• [Your task]
Of all the lines in the entries below, give again exactly those starting at the line containing "(m j) :: nat)" and ending at the line containing "(B' j) (m j)) k", both ends included, and no others.

• [Data for processing]
(* Let $k\ge1$, $A,B_1,\dots,B_k,C\in\mathbb{C}^{r\times r}$ with $C+mI$ invertible for all $m\ge0$. Fix $i$ and $n\ge1$ and suppose $B_i+mI$ is invertible for all $m\ge0$. Then $$F_{\mathcal D}[B_i+nI]=F_{\mathcal D}+x_iA\Big[\sum_{n_1=1}^nF_{\mathcal D}[A+I,\,B_i+n_1I,\,C+I]\Big]C^{-1}.$$ Furthermore, if $B_i-n_1I$ is invertible for $0\le n_1\le n$, then $$F_{\mathcal D}[B_i-nI]=F_{\mathcal D}-x_iA\Big[\sum_{n_1=0}^{n-1}F_{\mathcal D}[A+I,\,B_i-n_1I,\,C+I]\Big]C^{-1}.$$
   Context: For $M\in\mathbb{C}^{r\times r}$: $(M)_0=I$, $(M)_m=M(M+I)\cdots(M+(m-1)I)$, $(M)^{-1}_m=((M)_m)^{-1}$. $$F_{\mathcal D}=F_{\mathcal D}[A,B_1,\dots,B_k;C;x_1,\dots,x_k]=\sum_{m_1,\dots,m_k\ge0}(A)_{m_1+\cdots+m_k}\prod_{j=1}^k(B_j)_{m_j}\,(C)^{-1}_{m_1+\cdots+m_k}\prod_{j=1}^k\frac{x_j^{m_j}}{m_j!},$$ $x_j$ scalar variables, matrix products in order of increasing index; identities are of formal power series in the $x_j$. $F_{\mathcal D}[\dots]$ lists only the shifted parameters, all others unchanged. *)

theory Defs
  imports "HOL-Analysis.Analysis"
begin

type_synonym 'n cmat = "complex^'n^'n"

fun mpoch :: "'n::finite cmat \<Rightarrow> nat \<Rightarrow> 'n cmat" where
  "mpoch M 0 = mat 1"
| "mpoch M (Suc m) = mpoch M m ** (M + mat (of_nat m))"

fun ordprod :: "(nat \<Rightarrow> 'n::finite cmat) \<Rightarrow> nat \<Rightarrow> 'n cmat" where
  "ordprod f 0 = mat 1"
| "ordprod f (Suc n) = ordprod f n ** f n"

text \<open>A formal power series in x_0,...,x_(k-1) with matrix coefficients is represented
  by its coefficient function on multi-indices m :: nat => nat (coefficient of
  prod_j x_j^(m j)); coefficients of multi-indices not supported in {..<k} are 0.\<close>
definition FD :: "nat \<Rightarrow> 'n::finite cmat \<Rightarrow> (nat \<Rightarrow> 'n cmat) \<Rightarrow> 'n cmat
    \<Rightarrow> (nat \<Rightarrow> nat) \<Rightarrow> 'n cmat" where
  "FD k A B C m =
     (if \<forall>j\<ge>k. m j = 0 then
        (inverse (real (\<Prod>j<k. fact (m j)))) *\<^sub>R
          (mpoch A (\<Sum>j<k. m j) ** ordprod (\<lambda>j. mpoch (B j) (m j)) k
             ** matrix_inv (mpoch C (\<Sum>j<k. m j)))
      else 0)"

definition xmul :: "nat \<Rightarrow> ((nat \<Rightarrow> nat) \<Rightarrow> 'n::finite cmat) \<Rightarrow> (nat \<Rightarrow> nat) \<Rightarrow> 'n cmat" where
  "xmul i G m = (if m i \<ge> 1 then G (m(i := m i - 1)) else 0)"

end

theory Submission imports Defs begin

(* Raising B_i by one changes the coefficient of x^m only through the factor (B_i)_(m_i),
   and the contiguous relation (B+I)_p = (B)_p + p (B+I)_(p-1) of the matrix Pochhammer
   symbol splits the coefficient into the old one and a term with m_i lowered by one.
   In that term the factor p cancels p! down to (p-1)!, and peeling off the first factors
   A and C of (A)_|m| and (C)_|m| leaves the coefficient of F_D[A+I, B_i+I, C+I] times x_i.
   Iterating n times gives the first identity; the second is the first one applied to
   B_i - nI and solved for F_D[B_i - nI]. *)

lemma matrix_add_rdistrib: "((A::'a::semiring_1^'n^'m) + B) ** C = A ** C + B ** C"
  by (vector matrix_matrix_mult_def sum.distrib[symmetric] field_simps)

lemma mat_add: "mat (a + b) = (mat a + mat b :: 'a::semiring_1^'n^'n)"
  by (vector mat_def)

lemma mat_diff: "mat (a - b) = (mat a - mat b :: 'a::ring_1^'n^'n)"
  by (vector mat_def)

lemma matrix_inv_right: "invertible (M::'a::semiring_1^'n^'n) \<Longrightarrow> M ** matrix_inv M = mat 1"
  and matrix_inv_left: "invertible (M::'a::semiring_1^'n^'n) \<Longrightarrow> matrix_inv M ** M = mat 1"
  using someI_ex[of "\<lambda>M'. M ** M' = mat 1 \<and> M' ** M = mat 1"]
  unfolding invertible_def matrix_inv_def by auto

lemma matrix_inv_unique:
  assumes "invertible (M::'a::comm_semiring_1^'n^'n)" and "M ** N = mat 1"
  shows "matrix_inv M = N"
  by (metis assms matrix_inv_left matrix_mul_assoc matrix_mul_lid matrix_mul_rid)

lemma matrix_inv_mult:
  fixes X Y :: "'a::comm_semiring_1^'n^'n"
  assumes "invertible X" and "invertible Y"
  shows "matrix_inv (X ** Y) = matrix_inv Y ** matrix_inv X"
proof (rule matrix_inv_unique)
  show "invertible (X ** Y)" using assms by (rule invertible_mult)
  have "X ** Y ** (matrix_inv Y ** matrix_inv X) = X ** (Y ** matrix_inv Y) ** matrix_inv X"
    by (simp add: matrix_mul_assoc)
  then show "X ** Y ** (matrix_inv Y ** matrix_inv X) = mat 1"
    by (simp add: assms matrix_inv_right)
qed

lemma mat_of_nat_Suc: "M + mat (of_nat (Suc p)) = M + mat 1 + mat (of_nat p)"
  by (simp only: add.assoc mat_add[symmetric] of_nat_Suc)

lemma mpoch_Suc_left: "mpoch M (Suc p) = M ** mpoch (M + mat 1) p"
proof (induction p)
  case 0
  then show ?case by simp
next
  case (Suc p)
  then show ?case by (simp only: mpoch.simps mat_of_nat_Suc matrix_mul_assoc)
qed

lemma mpoch_contiguous:
  "mpoch (M + mat 1) p = mpoch M p + of_nat p *\<^sub>R mpoch (M + mat 1) (p - 1)"
proof (induction p)
  case 0
  then show ?case by simp
next
  case (Suc p)
  let ?Q = "mpoch (M + mat 1) p"
  have "mpoch (M + mat 1) (Suc p) = ?Q ** (M + mat (of_nat p)) + ?Q"
    by (simp add: add.commute add.left_commute mat_add matrix_add_ldistrib)
  also have "?Q ** (M + mat (of_nat p)) = mpoch M (Suc p) + of_nat p *\<^sub>R ?Q"
  proof (cases p)
    case (Suc q)
    then have "?Q ** (M + mat (of_nat p))
        = mpoch M p ** (M + mat (of_nat p))
          + of_nat p *\<^sub>R (mpoch (M + mat 1) q ** (M + mat (of_nat (Suc q))))"
      using Suc.IH by (simp add: matrix_add_rdistrib scalar_matrix_assoc)
    then show ?thesis
      using Suc by (simp only: mpoch.simps mat_of_nat_Suc)
  qed simp
  finally show ?case
    by (simp add: scaleR_add_left add.assoc)
qed

lemma invertible_mpoch:
  "(\<And>j. invertible (M + mat (of_nat j))) \<Longrightarrow> invertible (mpoch M p)"
  by (induction p) (auto intro!: invertible_mult simp: invertible_def[of "mat 1"])

lemma matrix_inv_mpoch_Suc:
  assumes "\<And>j. invertible (C + mat (of_nat j))"
  shows "matrix_inv (mpoch C (Suc p)) = matrix_inv (mpoch (C + mat 1) p) ** matrix_inv C"
proof -
  have "invertible (mpoch (C + mat 1) p)"
    using assms by (intro invertible_mpoch) (metis mat_of_nat_Suc)
  moreover have "invertible C"
    using assms[of 0] by simp
  ultimately show ?thesis
    by (simp only: mpoch_Suc_left matrix_inv_mult)
qed

lemma ordprod_cong: "(\<And>j. j < k \<Longrightarrow> f j = g j) \<Longrightarrow> ordprod f k = ordprod g k"
  by (induction k) auto

lemma ordprod_linear_at:
  assumes "\<And>j. j \<noteq> i \<Longrightarrow> g j = h j \<and> q j = h j"
    and "g i = h i + c *\<^sub>R q i" and "i < k"
  shows "ordprod g k = ordprod h k + c *\<^sub>R ordprod q k"
  using assms(3)
proof (induction k)
  case (Suc k)
  show ?case
  proof (cases "i = k")
    case True
    then have "ordprod g k = ordprod h k" "ordprod q k = ordprod h k"
      using assms(1) by (auto intro!: ordprod_cong)
    then show ?thesis
      using True assms(2)
      by (simp add: matrix_add_ldistrib matrix_scalar_ac scalar_matrix_assoc[symmetric])
  next
    case False
    then show ?thesis
      using Suc assms(1) by (simp add: matrix_add_rdistrib scalar_matrix_assoc)
  qed
qed simp

lemma FD_outside_support: "\<not> (\<forall>j\<ge>k. m j = 0) \<Longrightarrow> FD k A B C m = 0"
  unfolding FD_def by (simp only: if_False)

lemma FD_contiguous_supported:
  fixes A C :: "'n::finite cmat" and B :: "nat \<Rightarrow> 'n cmat"
  assumes "i < k" and C_inv: "\<And>j. invertible (C + mat (of_nat j))"
    and supp: "\<forall>j\<ge>k. m j = 0" and m_i: "m i = Suc l"
  shows "FD k A (B(i := B i + mat 1)) C m = FD k A B C m
           + A ** FD k (A + mat 1) (B(i := B i + mat 1)) (C + mat 1) (m(i := l)) ** matrix_inv C"
proof -
  define B' where "B' = B(i := B i + mat 1)"
  define m' where "m' = m(i := l)"
  define s where "s = (\<Sum>j<k. m' j)"
  define P where "P = (\<Prod>j<k. fact (m' j) :: nat)"
  define Q where "Q = ordprod (\<lambda>j. mpoch (B' j) (m' j)) k"
  have supp': "\<forall>j\<ge>k. m' j = 0"
    using supp \<open>i < k\<close> by (simp add: m'_def)
  have sum_m: "(\<Sum>j<k. m j) = Suc s"
    using \<open>i < k\<close> m_i by (simp add: s_def m'_def sum.remove)
  have prod_m: "(\<Prod>j<k. fact (m j) :: nat) = Suc l * P"
    using \<open>i < k\<close> m_i by (simp add: P_def m'_def prod.remove algebra_simps)
  have ordprod_m: "ordprod (\<lambda>j. mpoch (B' j) (m j)) k
      = ordprod (\<lambda>j. mpoch (B j) (m j)) k + of_nat (Suc l) *\<^sub>R Q"
    unfolding Q_def
    by (rule ordprod_linear_at[OF _ _ \<open>i < k\<close>])
      (auto simp: B'_def m'_def m_i mpoch_contiguous[of "B i" "Suc l"] simp del: mpoch.simps)
  have scalar: "inverse (real (Suc l * P)) * real (Suc l) = inverse (real P)"
    by (simp only: of_nat_mult inverse_mult_distrib) (simp del: of_nat_Suc)
  have "FD k A B' C m = FD k A B C m + (inverse (real (Suc l * P)) * real (Suc l)) *\<^sub>R
      (mpoch A (Suc s) ** Q ** matrix_inv (mpoch C (Suc s)))"
    unfolding FD_def if_P[OF supp] sum_m prod_m ordprod_m
    by (simp only: matrix_add_ldistrib matrix_add_rdistrib scaleR_add_right matrix_scalar_ac
        scalar_matrix_assoc[symmetric] scaleR_scaleR)
  also have "\<dots> = FD k A B C m + inverse (real P) *\<^sub>R
      (mpoch A (Suc s) ** Q ** matrix_inv (mpoch C (Suc s)))"
    unfolding scalar ..
  also have "\<dots> = FD k A B C m + A ** FD k (A + mat 1) B' (C + mat 1) m' ** matrix_inv C"
    unfolding matrix_inv_mpoch_Suc[OF C_inv]
    unfolding FD_def if_P[OF supp'] mpoch_Suc_left
      s_def[symmetric] P_def[symmetric] Q_def[symmetric]
    by (simp only: matrix_scalar_ac scalar_matrix_assoc matrix_mul_assoc)
  finally show ?thesis
    by (simp add: B'_def m'_def)
qed

lemma FD_contiguous:
  fixes A C :: "'n::finite cmat" and B :: "nat \<Rightarrow> 'n cmat"
  assumes "i < k" and C_inv: "\<And>j. invertible (C + mat (of_nat j))"
  shows "FD k A (B(i := B i + mat 1)) C m = FD k A B C m
           + xmul i (\<lambda>m'. A ** FD k (A + mat 1) (B(i := B i + mat 1)) (C + mat 1) m' ** matrix_inv C) m"
proof (cases "\<forall>j\<ge>k. m j = 0")
  case False
  moreover have "\<not> (\<forall>j\<ge>k. (m(i := m i - 1)) j = 0)"
    using False \<open>i < k\<close> by auto
  ultimately show ?thesis
    by (simp add: xmul_def FD_outside_support)
next
  case True
  show ?thesis
  proof (cases "m i")
    case 0
    then have "(\<lambda>j. mpoch ((B(i := B i + mat 1)) j) (m j)) = (\<lambda>j. mpoch (B j) (m j))"
      by auto
    with 0 True show ?thesis
      by (simp add: xmul_def FD_def)
  next
    case (Suc l)
    then show ?thesis
      using FD_contiguous_supported[OF \<open>i < k\<close> C_inv True Suc] by (simp add: xmul_def)
  qed
qed

lemma FD_shift_up:
  fixes A C :: "'n::finite cmat" and B :: "nat \<Rightarrow> 'n cmat"
  assumes "i < k" and C_inv: "\<And>j. invertible (C + mat (of_nat j))"
  shows "FD k A (B(i := B i + mat (of_nat n))) C m = FD k A B C m
           + xmul i (\<lambda>m'. A ** (\<Sum>n1\<in>{1..n}.
               FD k (A + mat 1) (B(i := B i + mat (of_nat n1))) (C + mat 1) m') ** matrix_inv C) m"
proof (induction n)
  case 0
  then show ?case by (simp add: xmul_def)
next
  case (Suc n)
  define B' where "B' = B(i := B i + mat (of_nat n))"
  define F where "F n1 m' = FD k (A + mat 1) (B(i := B i + mat (of_nat n1))) (C + mat 1) m'" for n1 m'
  have "B'(i := B' i + mat 1) = B(i := B i + mat (of_nat (Suc n)))"
    by (simp add: B'_def mat_add ac_simps)
  then have "FD k A (B(i := B i + mat (of_nat (Suc n)))) C m
      = FD k A B' C m + xmul i (\<lambda>m'. A ** F (Suc n) m' ** matrix_inv C) m"
    using FD_contiguous[OF assms, of A B' m] by (simp only: F_def)
  also have "\<dots> = FD k A B C m + xmul i (\<lambda>m'. A ** (\<Sum>n1\<in>{1..n}. F n1 m') ** matrix_inv C) m
      + xmul i (\<lambda>m'. A ** F (Suc n) m' ** matrix_inv C) m"
    using Suc.IH by (simp only: B'_def F_def)
  also have "\<dots> = FD k A B C m
      + xmul i (\<lambda>m'. A ** (\<Sum>n1\<in>{1..Suc n}. F n1 m') ** matrix_inv C) m"
    by (simp add: xmul_def matrix_add_ldistrib matrix_add_rdistrib add.assoc)
  finally show ?case
    unfolding F_def .
qed

lemma FD_shift_down:
  fixes A C :: "'n::finite cmat" and B :: "nat \<Rightarrow> 'n cmat"
  assumes "i < k" and C_inv: "\<And>j. invertible (C + mat (of_nat j))"
  shows "FD k A (B(i := B i - mat (of_nat n))) C m = FD k A B C m
           - xmul i (\<lambda>m'. A ** (\<Sum>n1<n.
               FD k (A + mat 1) (B(i := B i - mat (of_nat n1))) (C + mat 1) m') ** matrix_inv C) m"
proof -
  define B' where "B' = B(i := B i - mat (of_nat n))"
  define F where "F n1 m' = FD k (A + mat 1) (B(i := B i - mat (of_nat n1))) (C + mat 1) m'" for n1 m'
  have shifted: "B'(i := B' i + mat (of_nat n1)) = B(i := B i - mat (of_nat (n - n1)))"
    if "n1 \<le> n" for n1
    using that by (simp add: B'_def mat_diff algebra_simps)
  have "(\<Sum>n1\<in>{1..n}. FD k (A + mat 1) (B'(i := B' i + mat (of_nat n1))) (C + mat 1) m')
      = (\<Sum>n1<n. F n1 m')" for m'
  proof -
    have "(\<Sum>n1\<in>{1..n}. FD k (A + mat 1) (B'(i := B' i + mat (of_nat n1))) (C + mat 1) m')
        = (\<Sum>n1\<in>{1..n}. F (n - n1) m')"
      by (rule sum.cong) (simp_all add: shifted F_def)
    also have "\<dots> = (\<Sum>n1<n. F (n - Suc n1) m')"
      by (simp add: sum.atLeast1_atMost_eq)
    also have "\<dots> = (\<Sum>n1<n. F n1 m')"
      by (rule sum.nat_diff_reindex)
    finally show ?thesis .
  qed
  moreover have "B'(i := B' i + mat (of_nat n)) = B"
    using shifted[of n] by simp
  ultimately show ?thesis
    using FD_shift_up[OF assms, of A B' n m]
    by (simp add: B'_def F_def)
qed

theorem mainTheorem13:
  fixes k i n :: nat and A C :: "'n::finite cmat" and B :: "nat \<Rightarrow> 'n cmat"
  assumes "k \<ge> 1" and "i < k" and "n \<ge> 1"
    and "\<forall>m::nat. invertible (C + mat (of_nat m))"
    and "\<forall>m::nat. invertible (B i + mat (of_nat m))"
  shows "FD k A (B(i := B i + mat (of_nat n))) C =
           (\<lambda>m. FD k A B C m
              + xmul i (\<lambda>m'. A ** (\<Sum>n1\<in>{1..n}.
                    FD k (A + mat 1) (B(i := B i + mat (of_nat n1))) (C + mat 1) m')
                  ** matrix_inv C) m)
       \<and> ((\<forall>n1\<le>n. invertible (B i - mat (of_nat n1))) \<longrightarrow>
          FD k A (B(i := B i - mat (of_nat n))) C =
           (\<lambda>m. FD k A B C m
              - xmul i (\<lambda>m'. A ** (\<Sum>n1\<in>{0..n-1}.
                    FD k (A + mat 1) (B(i := B i - mat (of_nat n1))) (C + mat 1) m')
                  ** matrix_inv C) m))"
proof -
  have C_inv: "\<And>j. invertible (C + mat (of_nat j))"
    using assms(4) by blast
  have "{0..n-1} = {..<n}"
    using \<open>n \<ge> 1\<close> by auto
  then show ?thesis
    using FD_shift_up[OF \<open>i < k\<close> C_inv] FD_shift_down[OF \<open>i < k\<close> C_inv]
    by (simp add: fun_eq_iff)
qed

end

• [Response to the task]
  have prod_m: "(\<Prod>j<k. fact (m j) :: nat) = Suc l * P"
    using \<open>i < k\<close> m_i by (simp add: P_def m'_def prod.remove algebra_simps)
  have ordprod_m: "ordprod (\<lambda>j. mpoch (B' j) (m j)) k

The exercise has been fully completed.